19 de noviembre de 2006

Lamento

Existen lugares donde las palabras no pueden llegar. Y tú lo sabes.
Y yo también lo sé.
Y nos duele y nos importa.
¿Por qué entonces estas letras baldías? Por inconformismo tal vez o por... Sí, ¿para qué negarlo? Por cobardía. Allí, en el cajón de los sueños rotos, reposarán tan inocuas como inútiles, engrosando el catálogo de propósitos destruidos por la pereza.
Pereza... Oh, sí, la pereza.
Decía yo cobardía, pero la cobardía entraña todavía demasiada dignidad. El cobarde no deja de ser un infeliz desamparado incapaz de enfrentarse a una realidad seguramente injusta. Suficiente hace con destinar sus exiguas energías a sobrevivir. Se es cobarde por rendición y, en la mayoría de ocasiones, ni le ha sido concedida la oportunidad de rendirse. Al nacer, antes incluso de tener conciencia de su propia existencia, ya se ha rendido, ya está rendido, ya ha sido rendido.

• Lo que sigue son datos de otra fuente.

theorem lemma1:
  fixes p :: nat and j :: int and x1 :: complex and v :: "nat \<Rightarrow> complex"
  assumes "prime p" and "p mod 4 = 3"
    and "cmod x1 = 1"
    and v0: "v 0 = csqrt (complex_of_real (-2 - sqrt (real p + 1)))"
    and vabs: "\<And>k. 0 < k \<Longrightarrow> k < p \<Longrightarrow> cmod (v k) = 1"
    and vsym: "\<And>k. k < p \<Longrightarrow> v ((p - k) mod p) = - cnj (v k)"
    and vleg: "\<And>k. 0 < k \<Longrightarrow> k < p \<Longrightarrow>
               v k = (if Legendre (int k) (int p) = 1 then x1 else - 1 / x1)"
  shows "let S = (\<Sum>k<p. cnj (v k) * v (nat ((int k + 2 * j) mod int p)));
             s = csqrt (complex_of_real (-2 - sqrt (real p + 1)))
         in (Legendre j (int p) = 1 \<and> p mod 8 = 3 \<longrightarrow> S = rhs3 p s x1)
          \<and> (Legendre j (int p) = 1 \<and> p mod 8 = 7 \<longrightarrow> S = rhs7 p s x1)
          \<and> (Legendre j (int p) = -1 \<and> p mod 8 = 3 \<longrightarrow> S = rhs3 p s (- 1 / x1))
          \<and> (Legendre j (int p) = -1 \<and> p mod 8 = 7 \<longrightarrow> S = rhs7 p s (- 1 / x1))"
proof -
  define s where "s = csqrt (complex_of_real (-2 - sqrt (real p + 1)))"
  define \<alpha> where "\<alpha> = (x1 - 1 / x1) / 2"
  define \<beta> where "\<beta> = (x1 + 1 / x1) / 2"
  have "2 < p" using assms(1,2) by (rule prime_mod_4_eq_3_gt_2)
  have "v 0 = - cnj (v 0)" using vsym[of 0] \<open>2 < p\<close> by simp
  then have "cnj s = - s"
    unfolding s_def v0[symmetric] by (metis complex_cnj_cnj complex_cnj_minus)
  have overlap: "(\<Sum>k<p. cnj (v k) * v (nat ((int k + 2 * j) mod int p))) =
      - of_nat p * \<alpha>\<^sup>2 - \<beta>\<^sup>2 + 2 * (\<alpha> - s) *
        (\<alpha> + \<beta> * ((if p mod 8 = 7 then 1 else -1) * of_int (Legendre j (int p))))"
    if "Legendre j (int p) \<noteq> 0"
  proof -
    have "\<not> int p dvd 2 * j"
      using that assms(1) \<open>2 < p\<close> zdvd_imp_le[of "int p" 2]
      by (auto simp: Legendre_eq_0_iff prime_dvd_mult_iff)
    moreover have "Legendre (2 * j) (int p) = (if p mod 8 = 7 then 1 else -1) * Legendre j (int p)"
      using Legendre_mult[OF assms(1) \<open>2 < p\<close>] Legendre_two[OF assms(1) \<open>2 < p\<close>]
        \<open>p mod 4 = 3\<close> mod_mod_cancel[of 4 8 p] by auto
    ultimately show ?thesis
      using legendre_vector_overlap[OF assms(1-3) _ v0[folded s_def] \<open>cnj s = - s\<close> vleg]
      by (simp add: \<alpha>_def \<beta>_def)
  qed
  have "x1 \<noteq> 0" using assms(3) by auto
  note rhs = rhs3_rhs7_eq[OF this, of p s, folded \<alpha>_def \<beta>_def]
  show ?thesis
    unfolding Let_def s_def[symmetric]
    by (intro conjI impI; elim conjE; simp only: rhs; simp add: overlap)
qed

Mucha, demasiada gallardía me arrogaba yo al tildarme de cobarde. Pero no nos engañemos, la que mueve y no mueve mis propósitos es la pereza. ¿Tan insulso es el mundo que prefiero enfrentarlo desde detrás del cristal? Por ahora, desde la pantalla veo la sangre, sí, pero es una sangre que no salpica. El espíritu se resiente, desde luego, y duele; pero, aun así, desde esta ventana hacia el mundo, no es mi sangre la que fluye, no es mi corazón al que destruyen, o eso quiero creer.
El mundo rezuma odio, pero desde mi guarida me convenzo de que no soy yo al que odian. Y la pereza, aun degradante, me mantiene inmune de la miseria de la humanidad.
Estas palabras no conducen a ninguna parte. No cambiarán nada. No son más que el reflejo de mi propia pereza y de la de, quizá, otros muchos.
Estas palabras son sólo un lamento.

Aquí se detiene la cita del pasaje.